YOUR INSTRUCTIONS:
Filter the records for "shows" and keep each line that has it.

Dataset entries:

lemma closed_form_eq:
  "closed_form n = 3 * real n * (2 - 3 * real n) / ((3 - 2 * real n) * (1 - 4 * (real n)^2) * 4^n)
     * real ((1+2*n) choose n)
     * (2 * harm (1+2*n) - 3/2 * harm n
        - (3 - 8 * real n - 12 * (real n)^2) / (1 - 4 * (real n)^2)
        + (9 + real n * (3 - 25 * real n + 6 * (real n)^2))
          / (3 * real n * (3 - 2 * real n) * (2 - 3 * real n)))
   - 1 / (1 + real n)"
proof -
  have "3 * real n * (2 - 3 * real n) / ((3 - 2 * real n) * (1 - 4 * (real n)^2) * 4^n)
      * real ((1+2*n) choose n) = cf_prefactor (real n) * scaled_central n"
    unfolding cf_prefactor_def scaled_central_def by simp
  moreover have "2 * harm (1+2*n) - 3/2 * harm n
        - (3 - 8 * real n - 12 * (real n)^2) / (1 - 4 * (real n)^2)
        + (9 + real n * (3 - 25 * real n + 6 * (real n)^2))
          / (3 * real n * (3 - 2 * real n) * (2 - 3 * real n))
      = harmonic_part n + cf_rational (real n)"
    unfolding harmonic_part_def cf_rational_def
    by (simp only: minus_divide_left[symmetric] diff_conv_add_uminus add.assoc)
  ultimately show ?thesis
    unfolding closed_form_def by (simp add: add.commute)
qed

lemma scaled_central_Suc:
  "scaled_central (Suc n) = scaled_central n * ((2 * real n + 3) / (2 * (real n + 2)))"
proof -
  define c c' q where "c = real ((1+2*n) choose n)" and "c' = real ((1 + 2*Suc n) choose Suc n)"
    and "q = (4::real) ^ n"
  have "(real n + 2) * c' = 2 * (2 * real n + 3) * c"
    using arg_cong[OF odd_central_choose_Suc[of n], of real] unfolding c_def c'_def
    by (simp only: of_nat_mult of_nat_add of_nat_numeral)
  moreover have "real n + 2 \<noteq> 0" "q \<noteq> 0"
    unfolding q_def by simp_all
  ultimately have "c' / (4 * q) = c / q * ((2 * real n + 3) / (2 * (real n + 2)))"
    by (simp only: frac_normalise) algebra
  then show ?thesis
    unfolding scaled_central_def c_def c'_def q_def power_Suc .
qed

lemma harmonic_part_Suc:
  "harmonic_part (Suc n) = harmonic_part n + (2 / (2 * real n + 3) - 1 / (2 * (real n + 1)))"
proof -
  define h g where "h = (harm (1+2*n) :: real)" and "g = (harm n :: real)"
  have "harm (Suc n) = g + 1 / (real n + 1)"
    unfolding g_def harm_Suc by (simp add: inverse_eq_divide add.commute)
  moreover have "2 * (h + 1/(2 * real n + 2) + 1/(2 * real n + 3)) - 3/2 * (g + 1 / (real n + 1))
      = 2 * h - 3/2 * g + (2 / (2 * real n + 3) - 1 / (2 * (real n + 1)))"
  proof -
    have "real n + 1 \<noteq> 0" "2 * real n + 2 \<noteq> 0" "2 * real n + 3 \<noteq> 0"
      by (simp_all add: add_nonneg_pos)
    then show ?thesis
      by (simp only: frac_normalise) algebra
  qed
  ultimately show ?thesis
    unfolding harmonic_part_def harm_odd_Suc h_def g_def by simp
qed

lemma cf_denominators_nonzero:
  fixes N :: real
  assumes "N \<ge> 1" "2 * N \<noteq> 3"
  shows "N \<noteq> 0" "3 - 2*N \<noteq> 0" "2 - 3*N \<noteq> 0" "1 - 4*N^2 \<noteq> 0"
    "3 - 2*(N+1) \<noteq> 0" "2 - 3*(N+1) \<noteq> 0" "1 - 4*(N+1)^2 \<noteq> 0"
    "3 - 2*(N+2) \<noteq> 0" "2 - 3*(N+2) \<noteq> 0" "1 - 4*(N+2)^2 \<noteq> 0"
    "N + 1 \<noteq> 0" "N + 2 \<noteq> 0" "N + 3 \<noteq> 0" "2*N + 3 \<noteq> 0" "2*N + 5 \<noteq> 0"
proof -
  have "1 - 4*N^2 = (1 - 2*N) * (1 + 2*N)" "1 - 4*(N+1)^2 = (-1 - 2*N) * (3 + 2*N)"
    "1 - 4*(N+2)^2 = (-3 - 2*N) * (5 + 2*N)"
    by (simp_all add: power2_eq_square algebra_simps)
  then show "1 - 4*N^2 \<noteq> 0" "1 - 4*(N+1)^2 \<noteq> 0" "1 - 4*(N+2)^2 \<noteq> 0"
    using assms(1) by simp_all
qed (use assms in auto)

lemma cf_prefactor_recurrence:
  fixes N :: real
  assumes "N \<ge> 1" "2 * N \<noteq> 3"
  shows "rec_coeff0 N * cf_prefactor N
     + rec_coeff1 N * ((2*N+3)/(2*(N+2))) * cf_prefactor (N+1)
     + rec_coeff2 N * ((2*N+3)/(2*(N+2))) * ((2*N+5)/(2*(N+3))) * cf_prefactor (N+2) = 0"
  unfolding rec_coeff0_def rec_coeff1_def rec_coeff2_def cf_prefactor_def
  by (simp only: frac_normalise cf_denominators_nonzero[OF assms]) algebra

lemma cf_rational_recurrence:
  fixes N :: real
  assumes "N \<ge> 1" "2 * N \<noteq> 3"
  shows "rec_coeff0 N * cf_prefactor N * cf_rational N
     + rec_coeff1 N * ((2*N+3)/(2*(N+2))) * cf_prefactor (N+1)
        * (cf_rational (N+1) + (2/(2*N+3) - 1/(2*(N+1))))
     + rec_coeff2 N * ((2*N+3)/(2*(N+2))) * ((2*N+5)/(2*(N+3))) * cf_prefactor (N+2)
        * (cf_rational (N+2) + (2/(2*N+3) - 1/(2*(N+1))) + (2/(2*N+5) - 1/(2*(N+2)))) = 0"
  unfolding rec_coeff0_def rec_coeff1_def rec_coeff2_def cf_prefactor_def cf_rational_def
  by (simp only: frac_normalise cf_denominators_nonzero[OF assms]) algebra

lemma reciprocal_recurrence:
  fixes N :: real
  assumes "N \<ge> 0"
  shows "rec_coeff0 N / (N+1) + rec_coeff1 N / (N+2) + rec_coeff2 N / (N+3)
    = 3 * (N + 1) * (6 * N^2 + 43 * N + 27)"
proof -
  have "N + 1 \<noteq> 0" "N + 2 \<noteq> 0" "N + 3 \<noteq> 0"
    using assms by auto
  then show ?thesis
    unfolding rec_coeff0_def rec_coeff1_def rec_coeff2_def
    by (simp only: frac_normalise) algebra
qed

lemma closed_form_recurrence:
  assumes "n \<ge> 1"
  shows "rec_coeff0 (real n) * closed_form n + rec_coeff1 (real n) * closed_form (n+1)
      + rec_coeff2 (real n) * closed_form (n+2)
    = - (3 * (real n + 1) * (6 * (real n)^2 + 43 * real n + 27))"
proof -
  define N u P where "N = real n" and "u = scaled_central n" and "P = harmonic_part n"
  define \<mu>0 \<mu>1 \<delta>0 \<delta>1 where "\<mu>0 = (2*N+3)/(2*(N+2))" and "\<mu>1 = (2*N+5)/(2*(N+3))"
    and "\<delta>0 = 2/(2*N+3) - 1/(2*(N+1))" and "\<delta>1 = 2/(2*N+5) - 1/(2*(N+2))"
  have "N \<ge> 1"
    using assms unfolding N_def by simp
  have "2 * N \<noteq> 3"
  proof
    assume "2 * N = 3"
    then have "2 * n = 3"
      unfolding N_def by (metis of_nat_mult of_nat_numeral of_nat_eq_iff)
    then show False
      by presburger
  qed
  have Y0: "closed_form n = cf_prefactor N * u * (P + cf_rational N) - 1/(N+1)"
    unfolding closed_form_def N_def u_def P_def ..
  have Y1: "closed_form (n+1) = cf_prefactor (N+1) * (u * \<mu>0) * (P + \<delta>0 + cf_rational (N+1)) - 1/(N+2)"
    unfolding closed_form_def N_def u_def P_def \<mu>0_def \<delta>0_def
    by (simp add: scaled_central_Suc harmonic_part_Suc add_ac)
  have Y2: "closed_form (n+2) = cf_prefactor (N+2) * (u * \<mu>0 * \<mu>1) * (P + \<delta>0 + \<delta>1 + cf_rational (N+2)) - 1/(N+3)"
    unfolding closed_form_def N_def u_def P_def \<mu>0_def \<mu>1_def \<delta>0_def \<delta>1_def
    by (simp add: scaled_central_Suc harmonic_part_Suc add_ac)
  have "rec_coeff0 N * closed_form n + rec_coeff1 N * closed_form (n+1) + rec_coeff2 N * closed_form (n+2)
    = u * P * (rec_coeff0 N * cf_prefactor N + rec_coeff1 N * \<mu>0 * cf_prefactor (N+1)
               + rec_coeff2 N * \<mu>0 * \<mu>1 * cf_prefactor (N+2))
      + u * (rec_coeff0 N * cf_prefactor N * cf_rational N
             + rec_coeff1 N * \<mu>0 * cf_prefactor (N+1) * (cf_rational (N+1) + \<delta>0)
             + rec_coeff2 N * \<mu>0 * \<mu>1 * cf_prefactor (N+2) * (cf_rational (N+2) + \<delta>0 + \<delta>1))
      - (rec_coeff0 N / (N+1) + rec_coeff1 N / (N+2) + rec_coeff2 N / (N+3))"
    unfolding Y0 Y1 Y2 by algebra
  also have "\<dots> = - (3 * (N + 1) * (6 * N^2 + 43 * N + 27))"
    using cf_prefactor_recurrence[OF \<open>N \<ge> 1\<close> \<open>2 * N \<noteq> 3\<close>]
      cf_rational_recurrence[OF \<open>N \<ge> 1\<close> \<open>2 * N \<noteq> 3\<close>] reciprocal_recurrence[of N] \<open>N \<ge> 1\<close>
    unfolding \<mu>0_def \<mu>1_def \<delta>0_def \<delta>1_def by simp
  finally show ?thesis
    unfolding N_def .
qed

==

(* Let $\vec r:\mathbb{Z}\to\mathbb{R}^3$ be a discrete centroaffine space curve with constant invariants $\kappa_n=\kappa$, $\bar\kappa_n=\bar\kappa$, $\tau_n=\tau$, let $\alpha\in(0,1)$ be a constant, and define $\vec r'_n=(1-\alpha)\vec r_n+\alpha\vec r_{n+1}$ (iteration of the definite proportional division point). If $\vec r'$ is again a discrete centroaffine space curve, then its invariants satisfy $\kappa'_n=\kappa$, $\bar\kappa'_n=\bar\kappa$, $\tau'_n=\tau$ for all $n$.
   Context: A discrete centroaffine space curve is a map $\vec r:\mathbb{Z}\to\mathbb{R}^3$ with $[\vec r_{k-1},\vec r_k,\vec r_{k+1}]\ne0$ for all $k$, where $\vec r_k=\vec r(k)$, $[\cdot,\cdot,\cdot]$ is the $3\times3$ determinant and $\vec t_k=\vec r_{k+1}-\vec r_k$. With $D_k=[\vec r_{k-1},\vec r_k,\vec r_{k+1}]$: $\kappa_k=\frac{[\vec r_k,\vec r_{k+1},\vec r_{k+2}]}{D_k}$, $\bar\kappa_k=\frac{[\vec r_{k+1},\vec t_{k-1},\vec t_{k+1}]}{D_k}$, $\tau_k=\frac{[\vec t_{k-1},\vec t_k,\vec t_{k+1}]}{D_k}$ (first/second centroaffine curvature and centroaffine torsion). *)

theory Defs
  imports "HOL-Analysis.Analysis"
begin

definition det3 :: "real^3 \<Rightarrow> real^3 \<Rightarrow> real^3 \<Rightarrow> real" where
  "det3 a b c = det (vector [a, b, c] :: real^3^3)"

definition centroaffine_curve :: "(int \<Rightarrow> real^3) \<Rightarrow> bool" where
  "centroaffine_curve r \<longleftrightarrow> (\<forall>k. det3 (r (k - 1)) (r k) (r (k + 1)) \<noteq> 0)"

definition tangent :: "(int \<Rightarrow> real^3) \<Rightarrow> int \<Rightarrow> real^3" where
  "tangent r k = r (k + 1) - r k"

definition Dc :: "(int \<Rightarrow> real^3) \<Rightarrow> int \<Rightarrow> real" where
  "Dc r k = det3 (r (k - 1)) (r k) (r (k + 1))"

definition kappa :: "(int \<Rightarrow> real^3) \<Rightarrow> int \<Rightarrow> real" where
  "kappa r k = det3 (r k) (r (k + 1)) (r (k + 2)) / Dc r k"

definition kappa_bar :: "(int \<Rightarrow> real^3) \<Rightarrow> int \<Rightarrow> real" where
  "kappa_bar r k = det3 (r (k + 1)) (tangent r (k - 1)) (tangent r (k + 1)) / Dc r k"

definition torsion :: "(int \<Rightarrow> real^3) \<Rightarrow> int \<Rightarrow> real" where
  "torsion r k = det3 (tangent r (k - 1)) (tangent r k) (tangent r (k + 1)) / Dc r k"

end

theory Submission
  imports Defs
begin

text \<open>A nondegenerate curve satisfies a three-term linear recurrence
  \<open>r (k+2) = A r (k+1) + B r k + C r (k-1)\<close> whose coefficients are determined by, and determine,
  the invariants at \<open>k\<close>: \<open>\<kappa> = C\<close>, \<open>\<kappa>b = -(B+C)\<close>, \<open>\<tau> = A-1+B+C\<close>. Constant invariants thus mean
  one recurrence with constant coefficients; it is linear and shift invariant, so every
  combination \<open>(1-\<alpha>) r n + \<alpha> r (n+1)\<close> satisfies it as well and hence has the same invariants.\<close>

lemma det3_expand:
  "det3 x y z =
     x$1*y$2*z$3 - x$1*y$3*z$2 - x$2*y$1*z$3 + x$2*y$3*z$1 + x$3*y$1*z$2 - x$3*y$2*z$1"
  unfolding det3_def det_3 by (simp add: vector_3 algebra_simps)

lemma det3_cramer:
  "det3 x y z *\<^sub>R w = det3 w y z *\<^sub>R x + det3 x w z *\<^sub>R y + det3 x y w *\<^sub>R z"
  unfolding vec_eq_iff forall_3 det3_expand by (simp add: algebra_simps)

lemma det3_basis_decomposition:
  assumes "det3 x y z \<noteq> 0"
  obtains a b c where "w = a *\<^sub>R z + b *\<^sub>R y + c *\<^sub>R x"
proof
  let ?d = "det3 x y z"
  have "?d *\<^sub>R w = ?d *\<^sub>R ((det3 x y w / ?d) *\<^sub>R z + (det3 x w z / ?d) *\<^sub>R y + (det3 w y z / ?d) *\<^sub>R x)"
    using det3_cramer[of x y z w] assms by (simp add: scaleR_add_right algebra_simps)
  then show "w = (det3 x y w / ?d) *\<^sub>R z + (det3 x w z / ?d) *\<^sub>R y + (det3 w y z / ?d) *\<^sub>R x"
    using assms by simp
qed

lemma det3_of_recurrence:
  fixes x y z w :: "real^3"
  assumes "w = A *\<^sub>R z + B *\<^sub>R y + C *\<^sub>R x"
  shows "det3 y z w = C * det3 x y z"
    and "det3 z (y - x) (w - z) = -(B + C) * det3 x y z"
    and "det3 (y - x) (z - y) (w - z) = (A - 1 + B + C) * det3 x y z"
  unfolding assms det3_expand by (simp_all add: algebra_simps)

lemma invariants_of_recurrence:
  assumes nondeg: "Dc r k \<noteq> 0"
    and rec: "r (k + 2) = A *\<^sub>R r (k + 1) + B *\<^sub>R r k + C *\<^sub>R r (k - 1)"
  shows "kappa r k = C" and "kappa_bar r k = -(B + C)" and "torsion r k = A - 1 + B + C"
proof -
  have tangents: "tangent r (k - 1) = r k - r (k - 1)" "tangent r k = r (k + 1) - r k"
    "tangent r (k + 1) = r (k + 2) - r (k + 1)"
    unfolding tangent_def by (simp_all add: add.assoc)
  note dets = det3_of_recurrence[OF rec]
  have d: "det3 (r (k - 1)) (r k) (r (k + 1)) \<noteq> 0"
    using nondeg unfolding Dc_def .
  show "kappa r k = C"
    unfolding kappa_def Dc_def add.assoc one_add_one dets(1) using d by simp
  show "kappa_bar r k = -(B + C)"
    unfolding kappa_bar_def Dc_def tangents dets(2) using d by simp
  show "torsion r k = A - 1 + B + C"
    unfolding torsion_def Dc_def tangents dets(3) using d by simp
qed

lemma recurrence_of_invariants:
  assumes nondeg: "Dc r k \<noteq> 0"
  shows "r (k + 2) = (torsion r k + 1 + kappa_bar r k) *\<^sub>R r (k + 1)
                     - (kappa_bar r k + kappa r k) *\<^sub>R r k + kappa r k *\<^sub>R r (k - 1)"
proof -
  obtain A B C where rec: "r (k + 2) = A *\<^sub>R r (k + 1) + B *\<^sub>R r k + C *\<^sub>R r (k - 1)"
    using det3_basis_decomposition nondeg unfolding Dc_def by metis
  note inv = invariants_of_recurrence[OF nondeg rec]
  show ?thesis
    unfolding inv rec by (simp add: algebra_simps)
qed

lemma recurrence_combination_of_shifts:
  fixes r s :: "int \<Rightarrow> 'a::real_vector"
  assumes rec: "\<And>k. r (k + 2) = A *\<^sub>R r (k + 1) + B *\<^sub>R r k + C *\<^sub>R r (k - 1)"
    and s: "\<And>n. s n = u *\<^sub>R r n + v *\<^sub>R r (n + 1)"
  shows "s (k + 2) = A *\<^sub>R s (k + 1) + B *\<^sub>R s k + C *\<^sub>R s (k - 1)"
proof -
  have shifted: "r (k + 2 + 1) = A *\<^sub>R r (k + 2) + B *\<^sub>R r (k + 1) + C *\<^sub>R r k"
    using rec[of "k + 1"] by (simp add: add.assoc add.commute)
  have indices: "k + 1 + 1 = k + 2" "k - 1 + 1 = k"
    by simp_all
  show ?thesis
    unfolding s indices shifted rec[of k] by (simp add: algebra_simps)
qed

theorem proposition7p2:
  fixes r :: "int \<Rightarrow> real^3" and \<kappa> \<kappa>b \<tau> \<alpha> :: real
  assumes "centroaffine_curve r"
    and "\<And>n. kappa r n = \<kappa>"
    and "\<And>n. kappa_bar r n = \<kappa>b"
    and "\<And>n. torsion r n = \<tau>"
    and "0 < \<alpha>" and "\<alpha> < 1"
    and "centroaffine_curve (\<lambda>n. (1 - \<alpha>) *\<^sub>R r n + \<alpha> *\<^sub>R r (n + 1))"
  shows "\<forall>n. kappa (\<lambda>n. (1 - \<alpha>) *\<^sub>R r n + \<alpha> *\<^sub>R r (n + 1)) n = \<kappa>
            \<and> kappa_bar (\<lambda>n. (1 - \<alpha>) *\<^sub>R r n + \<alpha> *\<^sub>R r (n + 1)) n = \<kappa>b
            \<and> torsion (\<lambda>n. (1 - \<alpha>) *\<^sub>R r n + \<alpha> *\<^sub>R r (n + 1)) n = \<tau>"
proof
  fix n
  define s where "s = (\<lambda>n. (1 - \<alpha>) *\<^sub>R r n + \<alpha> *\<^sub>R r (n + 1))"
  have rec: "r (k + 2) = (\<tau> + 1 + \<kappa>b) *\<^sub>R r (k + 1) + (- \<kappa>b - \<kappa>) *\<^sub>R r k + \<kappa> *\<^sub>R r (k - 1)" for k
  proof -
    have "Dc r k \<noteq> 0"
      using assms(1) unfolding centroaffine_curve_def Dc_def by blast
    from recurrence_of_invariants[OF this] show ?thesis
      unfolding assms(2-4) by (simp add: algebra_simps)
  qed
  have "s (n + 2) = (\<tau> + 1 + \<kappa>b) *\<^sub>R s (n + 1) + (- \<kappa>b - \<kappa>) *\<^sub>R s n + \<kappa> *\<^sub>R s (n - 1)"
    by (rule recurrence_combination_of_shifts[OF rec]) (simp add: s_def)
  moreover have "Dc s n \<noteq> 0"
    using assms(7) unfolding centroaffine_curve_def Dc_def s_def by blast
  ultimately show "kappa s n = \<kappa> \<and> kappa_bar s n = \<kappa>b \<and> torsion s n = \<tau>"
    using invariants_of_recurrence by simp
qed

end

ANSWER AREA:
  shows "N \<noteq> 0" "3 - 2*N \<noteq> 0" "2 - 3*N \<noteq> 0" "1 - 4*N^2 \<noteq> 0"
  shows "rec_coeff0 N * cf_prefactor N
  shows "rec_coeff0 N * cf_prefactor N * cf_rational N
  shows "rec_coeff0 N / (N+1) + rec_coeff1 N / (N+2) + rec_coeff2 N / (N+3)
  shows "rec_coeff0 (real n) * closed_form n + rec_coeff1 (real n) * closed_form (n+1)
  shows "det3 y z w = C * det3 x y z"
  shows "kappa r k = C" and "kappa_bar r k = -(B + C)" and "torsion r k = A - 1 + B + C"
  shows "r (k + 2) = (torsion r k + 1 + kappa_bar r k) *\<^sub>R r (k + 1)
  shows "s (k + 2) = A *\<^sub>R s (k + 1) + B *\<^sub>R s k + C *\<^sub>R s (k - 1)"
  shows "\<forall>n. kappa (\<lambda>n. (1 - \<alpha>) *\<^sub>R r n + \<alpha> *\<^sub>R r (n + 1)) n = \<kappa>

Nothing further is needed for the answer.